>> These techniques were invented from the field of AI, but that does not mean they remain in the field of AI.
Like I say above, it is pretty uncontroversial that these approaches are part of the field of AI research. You can consult wikipedia or e.g. the calls for papers from major AI conferences, AAAI and IJCAI, if in doubt.
So I have to ask again, why do you say these approaches are are not in the field of AI research? According to whom? And based on what?
I would please like an answer to the above question.
Further, I can certainly point you to successes of symbolic AI, which you say don't exist. For one thing, the entire fields of automated theorem proving, planning, search, game playing, knowledge representation and reasoning, etc. that you say are "not AI", but are like I say still active and still state of the art in their respective tasks. These are certainly successful- they have produced systems and techniques that still work best than any alternative and actually quite well.

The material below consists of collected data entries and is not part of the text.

(* Assume (A3) below. For any $\omega$ in the interior of the simplex $\Delta^{L-1}$, the diagonal matrix $W=\mathrm{diag}(\omega_1/\gamma_1^2,\dots,\omega_L/\gamma_L^2)$ is positive definite and satisfies $\lambda(W)=\omega$. For any $\omega\in\Delta^{L-1}$ (including the boundary), there exists a positive definite $W$ with $\lambda(W)=\omega$.
   Context: $D_i\in\{0,1\}$ is a treatment and $\mathbf Z_i=(Z_{1i},\dots,Z_{Li})'\in\{0,1\}^L$, $L\ge2$, are binary instruments. $p_\ell=P(Z_{\ell i}=1)$, $\pi_\ell=\mathbb E[D_i\mid Z_{\ell i}=1]-\mathbb E[D_i\mid Z_{\ell i}=0]$, $\gamma_\ell=\mathrm{Cov}(D_i,Z_{\ell i})=\pi_\ell p_\ell(1-p_\ell)$, $\boldsymbol\gamma=(\gamma_1,\dots,\gamma_L)'$, $\Sigma_Z=\mathrm{Var}(\mathbf Z_i)$. For a positive definite $W$, $\lambda(W)=(\lambda_1(W),\dots,\lambda_L(W))$ with $\lambda_\ell(W)=\gamma_\ell[W\boldsymbol\gamma]_\ell/(\boldsymbol\gamma'W\boldsymbol\gamma)$. $\Delta^{L-1}=\{\omega\in\mathbb R^L:\omega_\ell\ge0,\ \sum_\ell\omega_\ell=1\}$. Assumption (A3): $p_\ell>0$ and $\pi_\ell>0$ for all $\ell$, and $\Sigma_Z$ is positive definite. *)

theory Defs
  imports "HOL-Probability.Probability"
begin

text \<open>Instruments are indexed by a finite type 'n (L = CARD('n)); vectors are real^'n,
  matrices real^'n^'n. All population moments are taken w.r.t. a probability space M.\<close>

definition covar :: "'a measure \<Rightarrow> ('a \<Rightarrow> real) \<Rightarrow> ('a \<Rightarrow> real) \<Rightarrow> real" where
  "covar M X Y = (\<integral>x. X x * Y x \<partial>M) - (\<integral>x. X x \<partial>M) * (\<integral>x. Y x \<partial>M)"

definition pZ :: "'a measure \<Rightarrow> ('a \<Rightarrow> real^'n) \<Rightarrow> 'n \<Rightarrow> real" where
  "pZ M Z l = measure M {x \<in> space M. Z x $ l = 1}"

definition condE :: "'a measure \<Rightarrow> ('a \<Rightarrow> real) \<Rightarrow> ('a \<Rightarrow> real^'n) \<Rightarrow> 'n \<Rightarrow> real \<Rightarrow> real" where
  "condE M D Z l v =
     (\<integral>x. D x * indicator {y \<in> space M. Z y $ l = v} x \<partial>M) / measure M {y \<in> space M. Z y $ l = v}"

definition piZ :: "'a measure \<Rightarrow> ('a \<Rightarrow> real) \<Rightarrow> ('a \<Rightarrow> real^'n) \<Rightarrow> 'n \<Rightarrow> real" where
  "piZ M D Z l = condE M D Z l 1 - condE M D Z l 0"

definition gammaZ :: "'a measure \<Rightarrow> ('a \<Rightarrow> real) \<Rightarrow> ('a \<Rightarrow> real^'n) \<Rightarrow> real^'n" where
  "gammaZ M D Z = (\<chi> l. covar M D (\<lambda>x. Z x $ l))"

definition SigmaZ :: "'a measure \<Rightarrow> ('a \<Rightarrow> real^'n) \<Rightarrow> real^'n^'n" where
  "SigmaZ M Z = (\<chi> j k. covar M (\<lambda>x. Z x $ j) (\<lambda>x. Z x $ k))"

definition pos_def :: "real^'n^'n \<Rightarrow> bool" where
  "pos_def W \<longleftrightarrow> transpose W = W \<and> (\<forall>x. x \<noteq> 0 \<longrightarrow> x \<bullet> (W *v x) > 0)"

definition lam :: "real^'n^'n \<Rightarrow> real^'n \<Rightarrow> real^'n" where
  "lam W g = (\<chi> l. g $ l * (W *v g) $ l / (g \<bullet> (W *v g)))"

definition std_simplex :: "(real^'n) set" where
  "std_simplex = {w. (\<forall>l. w $ l \<ge> 0) \<and> (\<Sum>l\<in>UNIV. w $ l) = 1}"

definition open_simplex :: "(real^'n) set" where
  "open_simplex = {w. (\<forall>l. w $ l > 0) \<and> (\<Sum>l\<in>UNIV. w $ l) = 1}"

definition diagW :: "real^'n \<Rightarrow> real^'n \<Rightarrow> real^'n^'n" where
  "diagW w g = (\<chi> i j. if i = j then w $ i / (g $ i)\<^sup>2 else 0)"

end

theory Submission
  imports Defs
begin

text \<open>For a binary instrument \<open>\<gamma>\<^sub>l = \<pi>\<^sub>l p\<^sub>l (1 - p\<^sub>l)\<close> and \<open>(\<Sigma>\<^sub>Z)\<^sub>l\<^sub>l = p\<^sub>l (1 - p\<^sub>l)\<close>, so (A3) makes every
  \<open>\<gamma>\<^sub>l\<close> positive. With all \<open>\<gamma>\<^sub>l \<noteq> 0\<close>, the diagonal weight \<open>W = diag(\<omega>\<^sub>l / \<gamma>\<^sub>l\<^sup>2)\<close> gives
  \<open>W\<gamma> = (\<omega>\<^sub>l / \<gamma>\<^sub>l)\<^sub>l\<close> and \<open>\<gamma>'W\<gamma> = \<Sum>\<^sub>l \<omega>\<^sub>l = 1\<close>, hence \<open>\<lambda>(W) = \<omega>\<close>; it is positive definite iff every
  \<open>\<omega>\<^sub>l > 0\<close>. On the boundary of the simplex one replaces it by \<open>W = v v' + (I - \<gamma>\<gamma>'/\<gamma>'\<gamma>)\<close> with
  \<open>v = (\<omega>\<^sub>l / \<gamma>\<^sub>l)\<^sub>l\<close>: again \<open>W\<gamma> = v\<close> because \<open>v'\<gamma> = 1\<close>, and \<open>x'Wx = (v'x)\<^sup>2 + |x - P\<^sub>\<gamma>x|\<^sup>2\<close>
  vanishes only if \<open>x\<close> is a multiple of \<open>\<gamma>\<close> orthogonal to \<open>v\<close>, i.e. \<open>x = 0\<close>.\<close>

lemma pos_def_diag_pos: "pos_def (S::real^'n^'n) \<Longrightarrow> S $ l $ l > 0"
  unfolding pos_def_def
  by (drule conjunct2, drule spec[of _ "axis l 1"])
     (simp add: matrix_vector_mult_basis inner_axis' column_def)

lemma diagW_mult: "diagW w g *v x = (\<chi> i. w $ i / (g $ i)\<^sup>2 * x $ i)"
  by (simp add: vec_eq_iff diagW_def matrix_vector_mult_def if_distrib if_distribR sum.delta cong: if_cong)

lemma pos_def_diagW:
  assumes "\<forall>l. g $ l \<noteq> 0" and "\<forall>l. w $ l > 0"
  shows "pos_def (diagW w g)"
proof -
  have "x \<bullet> (diagW w g *v x) > 0" if "x \<noteq> 0" for x
  proof -
    obtain i where "x $ i \<noteq> 0" using \<open>x \<noteq> 0\<close> by (auto simp: vec_eq_iff)
    have "x \<bullet> (diagW w g *v x) = (\<Sum>j\<in>UNIV. w $ j / (g $ j)\<^sup>2 * (x $ j)\<^sup>2)"
      by (simp add: diagW_mult inner_vec_def power2_eq_square mult_ac)
    also have "\<dots> > 0"
      using \<open>x $ i \<noteq> 0\<close> assms
      by (intro sum_pos2[of UNIV i]) (auto intro!: divide_nonneg_pos simp: less_imp_le)
    finally show ?thesis .
  qed
  moreover have "transpose (diagW w g) = diagW w g"
    by (simp add: vec_eq_iff diagW_def transpose_def)
  ultimately show ?thesis by (simp add: pos_def_def)
qed

lemma lam_diagW:
  assumes g: "\<forall>l. g $ l \<noteq> 0" and "(\<Sum>l\<in>UNIV. w $ l) = 1"
  shows "lam (diagW w g) g = w"
proof -
  have Wg: "diagW w g *v g = (\<chi> l. w $ l / g $ l)"
    using g by (simp add: diagW_mult vec_eq_iff power2_eq_square)
  have "g \<bullet> (diagW w g *v g) = 1"
    using assms by (simp add: Wg inner_vec_def)
  then show ?thesis
    using g by (simp add: lam_def Wg vec_eq_iff)
qed

definition perp_plus_outer :: "real^'n \<Rightarrow> real^'n \<Rightarrow> real^'n^'n" where
  "perp_plus_outer g v = (\<chi> i j. v $ i * v $ j + of_bool (i = j) - g $ i * g $ j / (g \<bullet> g))"

lemma perp_plus_outer_mult:
  "perp_plus_outer g v *v x = (v \<bullet> x) *\<^sub>R v + x - ((g \<bullet> x) / (g \<bullet> g)) *\<^sub>R g"
  by (simp add: vec_eq_iff perp_plus_outer_def matrix_vector_mult_def inner_vec_def ring_distribs
      sum.distrib sum_subtractf sum_distrib_left sum_divide_distrib mult_ac)

lemma pos_def_perp_plus_outer:
  assumes vg: "v \<bullet> g \<noteq> 0"
  shows "pos_def (perp_plus_outer g v)"
proof -
  let ?W = "perp_plus_outer g v"
  have gg: "g \<bullet> g > 0" using vg by auto
  have "x \<bullet> (?W *v x) > 0" if "x \<noteq> 0" for x
  proof -
    define t where "t = (g \<bullet> x) / (g \<bullet> g)"
    define y where "y = x - t *\<^sub>R g"
    have "x \<bullet> (?W *v x) = (v \<bullet> x)\<^sup>2 + y \<bullet> y"
      using gg by (simp add: perp_plus_outer_mult y_def t_def inner_diff_left inner_diff_right
          inner_add_right inner_commute power2_eq_square field_simps)
    moreover have "v \<bullet> x \<noteq> 0 \<or> y \<noteq> 0"
    proof (rule ccontr)
      assume "\<not> (v \<bullet> x \<noteq> 0 \<or> y \<noteq> 0)"
      then have "x = t *\<^sub>R g" and "t * (v \<bullet> g) = 0"
        by (auto simp: y_def)
      then show False using vg \<open>x \<noteq> 0\<close> by simp
    qed
    ultimately show ?thesis
      by (auto intro: add_pos_nonneg add_nonneg_pos)
  qed
  moreover have "transpose ?W = ?W"
    by (simp add: vec_eq_iff perp_plus_outer_def transpose_def mult.commute)
  ultimately show ?thesis by (simp add: pos_def_def)
qed

lemma lam_perp_plus_outer:
  assumes "v \<bullet> g = 1"
  shows "lam (perp_plus_outer g v) g = (\<chi> l. g $ l * v $ l)"
proof -
  have "perp_plus_outer g v *v g = v"
    using assms by (simp add: perp_plus_outer_mult inner_commute)
  then show ?thesis
    using assms by (simp add: lam_def inner_commute)
qed

lemma exists_pos_def_lam_eq:
  assumes g: "\<forall>l. g $ l \<noteq> 0" and w: "(\<Sum>l\<in>UNIV. w $ l) = 1"
  shows "\<exists>W. pos_def W \<and> lam W g = w"
proof
  define v where "v = (\<chi> l. w $ l / g $ l)"
  have "v \<bullet> g = 1"
    using g w by (simp add: v_def inner_vec_def)
  then show "pos_def (perp_plus_outer g v) \<and> lam (perp_plus_outer g v) g = w"
    using g by (simp add: pos_def_perp_plus_outer lam_perp_plus_outer v_def vec_eq_iff)
qed

context prob_space
begin

lemma nth_eq_one_event:
  fixes Z :: "'a \<Rightarrow> real^'n"
  assumes "Z \<in> borel_measurable M"
  shows "{x \<in> space M. Z x $ l = 1} \<in> events"
proof -
  have "(\<lambda>x. Z x $ l) \<in> borel_measurable M"
    using assms borel_measurable_nth measurable_compose by blast
  then show ?thesis by measurable
qed

lemma expectation_binary_nth:
  fixes Z :: "'a \<Rightarrow> real^'n"
  assumes "Z \<in> borel_measurable M" and "\<forall>x\<in>space M. Z x $ l \<in> {0, 1}"
  shows "expectation (\<lambda>x. Z x $ l) = pZ M Z l"
proof -
  have "expectation (\<lambda>x. Z x $ l) = expectation (indicator {x \<in> space M. Z x $ l = 1})"
    using assms(2) by (intro Bochner_Integration.integral_cong) (auto simp: indicator_def)
  then show ?thesis
    by (simp add: pZ_def Int_absorb2)
qed

lemma SigmaZ_diag_binary_eq:
  fixes Z :: "'a \<Rightarrow> real^'n"
  assumes "Z \<in> borel_measurable M" and Z01: "\<forall>x\<in>space M. Z x $ l \<in> {0, 1}"
  shows "SigmaZ M Z $ l $ l = pZ M Z l * (1 - pZ M Z l)"
proof -
  have "expectation (\<lambda>x. Z x $ l * Z x $ l) = expectation (\<lambda>x. Z x $ l)"
    using Z01 by (intro Bochner_Integration.integral_cong) auto
  then show ?thesis
    using expectation_binary_nth[OF assms] by (simp add: SigmaZ_def covar_def algebra_simps)
qed

lemma gammaZ_binary_eq:
  fixes Z :: "'a \<Rightarrow> real^'n"
  assumes D: "integrable M D"
    and Zm: "Z \<in> borel_measurable M" and Z01: "\<forall>x\<in>space M. Z x $ l \<in> {0, 1}"
    and p: "0 < pZ M Z l" "pZ M Z l < 1"
  shows "gammaZ M D Z $ l = piZ M D Z l * pZ M Z l * (1 - pZ M Z l)"
proof -
  define A where "A = {x \<in> space M. Z x $ l = 1}"
  define p where "p = pZ M Z l"
  define a where "a = expectation (\<lambda>x. D x * indicator A x)"
  define b where "b = expectation (\<lambda>x. D x * indicator (space M - A) x)"
  have A: "A \<in> events" unfolding A_def using nth_eq_one_event[OF Zm] .
  have not_A: "{x \<in> space M. Z x $ l = 0} = space M - A"
    using Z01 by (auto simp: A_def)
  have "prob A = p" by (simp add: A_def p_def pZ_def)
  then have prob_not_A: "prob (space M - A) = 1 - p"
    using A prob_compl by simp
  have "expectation D = expectation (\<lambda>x. D x * indicator A x + D x * indicator (space M - A) x)"
    by (intro Bochner_Integration.integral_cong) (auto simp: indicator_def)
  also have "\<dots> = a + b"
    using A D by (simp add: a_def b_def integrable_real_mult_indicator)
  finally have ED: "expectation D = a + b" .
  have EDZ: "expectation (\<lambda>x. D x * Z x $ l) = a"
    using Z01 unfolding a_def A_def
    by (intro Bochner_Integration.integral_cong) (auto simp: indicator_def)
  have "piZ M D Z l = a / p - b / (1 - p)"
    using prob_not_A \<open>prob A = p\<close>
    by (simp add: piZ_def condE_def not_A a_def b_def flip: A_def)
  moreover have "gammaZ M D Z $ l = a - (a + b) * p"
    using ED EDZ expectation_binary_nth[OF Zm Z01] by (simp add: gammaZ_def covar_def p_def)
  ultimately show ?thesis
    using p by (simp add: p_def[symmetric] field_simps)
qed

end

theorem lemma2:
  fixes M :: "'a measure" and D :: "'a \<Rightarrow> real" and Z :: "'a \<Rightarrow> real^'n"
  assumes "prob_space M"
    and "CARD('n) \<ge> 2"
    and "D \<in> borel_measurable M"
    and "Z \<in> borel_measurable M"
    and "\<forall>x\<in>space M. D x \<in> {0, 1}"
    and "\<forall>x\<in>space M. \<forall>l. Z x $ l \<in> {0, 1}"
    and "\<forall>l. pZ M Z l > 0"
    and "\<forall>l. piZ M D Z l > 0"
    and "pos_def (SigmaZ M Z)"
  shows "(\<forall>w \<in> open_simplex.
            pos_def (diagW w (gammaZ M D Z)) \<and> lam (diagW w (gammaZ M D Z)) (gammaZ M D Z) = w)
       \<and> (\<forall>w \<in> std_simplex. \<exists>W. pos_def W \<and> lam W (gammaZ M D Z) = w)"
proof -
  interpret prob_space M by fact
  have "integrable M D"
    using assms(3,5) by (intro integrable_const_bound[where B=1] AE_I2) auto
  have "gammaZ M D Z $ l > 0" for l
  proof -
    have Z01: "\<forall>x\<in>space M. Z x $ l \<in> {0, 1}" using assms(6) by blast
    \<comment> \<open>\<open>(\<Sigma>\<^sub>Z)\<^sub>l\<^sub>l > 0\<close> already forces \<open>0 < p\<^sub>l < 1\<close>.\<close>
    have "0 < pZ M Z l * (1 - pZ M Z l)"
      using pos_def_diag_pos[OF assms(9), of l] SigmaZ_diag_binary_eq[OF assms(4) Z01] by simp
    then have "0 < pZ M Z l" "pZ M Z l < 1"
      by (auto simp: zero_less_mult_iff)
    then show ?thesis
      using gammaZ_binary_eq[OF \<open>integrable M D\<close> assms(4) Z01] assms(8) by simp
  qed
  then have "\<forall>l. gammaZ M D Z $ l \<noteq> 0"
    by (metis less_irrefl)
  then show ?thesis
    by (auto simp: open_simplex_def std_simplex_def pos_def_diagW lam_diagW exists_pos_def_lam_eq)
qed

end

For examples of specific systems that were successful in their time, see Logic Theorist [1] that proved 38 of the first 52 theorems in Principia Mathematica; Chinook [2], the first computer program to win a world championship against humans (in checkers/draughts); Deep Blue [3], the first AI system to defeat a human grandmaster (Garry Kasparov) in chess; MYCIN [4] the first AI system to outperform human experts in disease diagnosis (specifically, diagnosis of infections); and so on.
Of course these systems have been superseded - but they were successes nonetheless. Another reason to learn the history of AI is to become aware of those systems- they, indeed, were "there".
Again I have to ask you- where does your knowledge of AI come from? When you make such strong statements about what works and what doesn't, what failed and what succeeded, are you sure you are well informed? Do you draw your knowledge from primary sources, or are you trusting the opinions of others who claim to be experts- but may not be (like in the article above)?
>> How would you tackle this with ILP?
Below I've defined the problem in the format expected by Louise [5]:
?- list_mil_problem(ordered/3).
Positive examples
-----------------
ordered([a],[b,c],[d,e,f]).
Negative examples
-----------------
[]
Background knowledge
--------------------
shorter/2:
shorter(A,B):-length(A,C),length(B,D),C
Given this problem definition, Louise can learn the following (Prolog) program: ?- learn(ordered/3).
ordered(A,B,C):-shorter(A,B),shorter(B,C).
true.
To explain, shorter/2 is a predicate defined as background knowledge by me.
triadic_chain is a metarule, a second-order clause that provides inductive
bias. length/2 is an ISO Prolog predicate.Like I say, this is a trivial problem, not least because its solution is easy to figure out and the background knowledge and metarules are trivial to define by hand. Louise can also perform predicate invention to define new background knowledge (kind of like inventing new features) and also new metarules. That is to say, Louise can learn the shorter/2 and length/2 programs, also from very few examples- and then reuse them as background knowledge. But showing how to do that would make for a larger example. I'm happy to oblige if you are curious.
I should point out that there exists no neural net approach that can learn the same (or a similar) program from a single positive example- not least because neural nets cannot make use of background knowledge (i.e. a library of programs from which to build other programs).
__________________
[1] https://en.wikipedia.org/wiki/Logic_Theorist
[2] https://en.wikipedia.org/wiki/Chinook_(computer_program)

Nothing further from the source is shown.